◆ Problem to solve
Find each line below containing the word "flip" and copy it.

── Records to use

(* Let $0\to A_i\to B_i\to C\to 0$ ($i=1,2$) be short exact sequences of finite abelian groups, and put $B=B_1\times_C B_2$. Assume that the sequence for $i=2$ is a direct sum of sequences of the form $0\to\mathbb Z/n\mathbb Z\to\mathbb Z/nb_j\mathbb Z\to\mathbb Z/b_j\mathbb Z\to0$ (first map multiplication by $b_j$, second the natural projection), for a fixed positive integer $n$ and positive integers $b_j$, and that $A_1$ is annihilated by $n$. Then the projection $B\to B_2$ splits. *)

theory Defs
  imports "HOL-Algebra.Algebra"
begin

definition short_exact ::
  "('a, 'm1) monoid_scheme \<Rightarrow> ('a \<Rightarrow> 'b) \<Rightarrow> ('b, 'm2) monoid_scheme \<Rightarrow> ('b \<Rightarrow> 'c)
   \<Rightarrow> ('c, 'm3) monoid_scheme \<Rightarrow> bool" where
  "short_exact A f B g C \<longleftrightarrow>
     group A \<and> group B \<and> group C \<and>
     f \<in> hom A B \<and> g \<in> hom B C \<and>
     inj_on f (carrier A) \<and> g ` carrier B = carrier C \<and>
     f ` carrier A = kernel B C g"

definition ses_iso ::
  "('a, 'm1) monoid_scheme \<Rightarrow> ('a \<Rightarrow> 'b) \<Rightarrow> ('b, 'm2) monoid_scheme \<Rightarrow> ('b \<Rightarrow> 'c)
   \<Rightarrow> ('c, 'm3) monoid_scheme \<Rightarrow>
   ('x, 'n1) monoid_scheme \<Rightarrow> ('x \<Rightarrow> 'y) \<Rightarrow> ('y, 'n2) monoid_scheme \<Rightarrow> ('y \<Rightarrow> 'z)
   \<Rightarrow> ('z, 'n3) monoid_scheme \<Rightarrow> bool" where
  "ses_iso A f B g C A' f' B' g' C' \<longleftrightarrow>
     (\<exists>\<alpha> \<beta> \<gamma>. \<alpha> \<in> iso A A' \<and> \<beta> \<in> iso B B' \<and> \<gamma> \<in> iso C C' \<and>
       (\<forall>x \<in> carrier A. \<beta> (f x) = f' (\<alpha> x)) \<and>
       (\<forall>y \<in> carrier B. \<gamma> (g y) = g' (\<beta> y)))"

definition std_A :: "nat \<Rightarrow> nat \<Rightarrow> (nat \<Rightarrow> int) monoid" where
  "std_A m n = product_group {..<m} (\<lambda>j. integer_mod_group n)"

definition std_B :: "nat \<Rightarrow> nat \<Rightarrow> (nat \<Rightarrow> nat) \<Rightarrow> (nat \<Rightarrow> int) monoid" where
  "std_B m n b = product_group {..<m} (\<lambda>j. integer_mod_group (n * b j))"

definition std_C :: "nat \<Rightarrow> (nat \<Rightarrow> nat) \<Rightarrow> (nat \<Rightarrow> int) monoid" where
  "std_C m b = product_group {..<m} (\<lambda>j. integer_mod_group (b j))"

definition std_f :: "nat \<Rightarrow> nat \<Rightarrow> (nat \<Rightarrow> nat) \<Rightarrow> (nat \<Rightarrow> int) \<Rightarrow> (nat \<Rightarrow> int)" where
  "std_f m n b x = (\<lambda>j\<in>{..<m}. (int (b j) * x j) mod int (n * b j))"

definition std_g :: "nat \<Rightarrow> (nat \<Rightarrow> nat) \<Rightarrow> (nat \<Rightarrow> int) \<Rightarrow> (nat \<Rightarrow> int)" where
  "std_g m b y = (\<lambda>j\<in>{..<m}. y j mod int (b j))"

definition fiber_product ::
  "('b1, 'm1) monoid_scheme \<Rightarrow> ('b1 \<Rightarrow> 'c) \<Rightarrow> ('b2, 'm2) monoid_scheme \<Rightarrow> ('b2 \<Rightarrow> 'c)
   \<Rightarrow> ('b1 \<times> 'b2) monoid" where
  "fiber_product B1 g1 B2 g2 =
     (B1 \<times>\<times> B2)\<lparr>carrier := {(x, y). x \<in> carrier B1 \<and> y \<in> carrier B2 \<and> g1 x = g2 y}\<rparr>"

end

theory Submission
  imports Defs
begin

text \<open>Transport the second sequence to the standard one, and let \<open>u\<^sub>j \<in> B\<^sub>2\<close> correspond to the
  standard generators of \<open>\<Oplus>\<^sub>j \<int>/n b\<^sub>j\<close>. Their images \<open>c\<^sub>j = g\<^sub>2 u\<^sub>j\<close> satisfy \<open>b\<^sub>j c\<^sub>j = 0\<close>. Lift each \<open>c\<^sub>j\<close>
  to some \<open>x\<^sub>j \<in> B\<^sub>1\<close>: then \<open>b\<^sub>j x\<^sub>j\<close> lies in the image of \<open>A\<^sub>1\<close>, which is killed by \<open>n\<close>, so
  \<open>n b\<^sub>j x\<^sub>j = 0\<close> and \<open>u\<^sub>j \<mapsto> x\<^sub>j\<close> extends to a homomorphism \<open>H : B\<^sub>2 \<rightarrow> B\<^sub>1\<close>. Since \<open>g\<^sub>1 \<circ> H\<close> and
  \<open>g\<^sub>2\<close> agree on the generators, \<open>y \<mapsto> (H y, y)\<close> is a section of \<open>B \<rightarrow> B\<^sub>2\<close>.\<close>

lemma (in group) int_pow_mod_eq:
  assumes "x \<in> carrier G" "x [^] (N::nat) = \<one>"
  shows "x [^] (a mod int N) = x [^] (a::int)"
proof -
  have "x [^] a = x [^] (int N * (a div int N)) \<otimes> x [^] (a mod int N)"
    using assms(1) by (simp flip: int_pow_mult)
  also have "x [^] (int N * (a div int N)) = \<one>"
    using assms by (simp flip: int_pow_pow add: int_pow_int)
  finally show ?thesis
    using assms(1) by simp
qed

lemma comm_group_hom_finprod:
  assumes "comm_group G" "comm_group H" "h \<in> hom G H" "f \<in> A \<rightarrow> carrier G"
  shows "h (finprod G f A) = finprod H (\<lambda>i. h (f i)) A"
proof -
  interpret G: comm_group G by fact
  interpret H: comm_group H by fact
  have h1: "h \<one>\<^bsub>G\<^esub> = \<one>\<^bsub>H\<^esub>"
    using hom_one[OF assms(3) G.is_group H.is_group] .
  show ?thesis
    using assms(4)
  proof (induction A rule: infinite_finite_induct)
    case (insert a A)
    then show ?case
      using assms(3) by (simp add: hom_mult Pi_def hom_in_carrier)
  qed (simp_all add: h1)
qed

────

◆ Response for this exercise
    using assms(1) by (simp flip: int_pow_mult)
    using assms by (simp flip: int_pow_pow add: int_pow_int)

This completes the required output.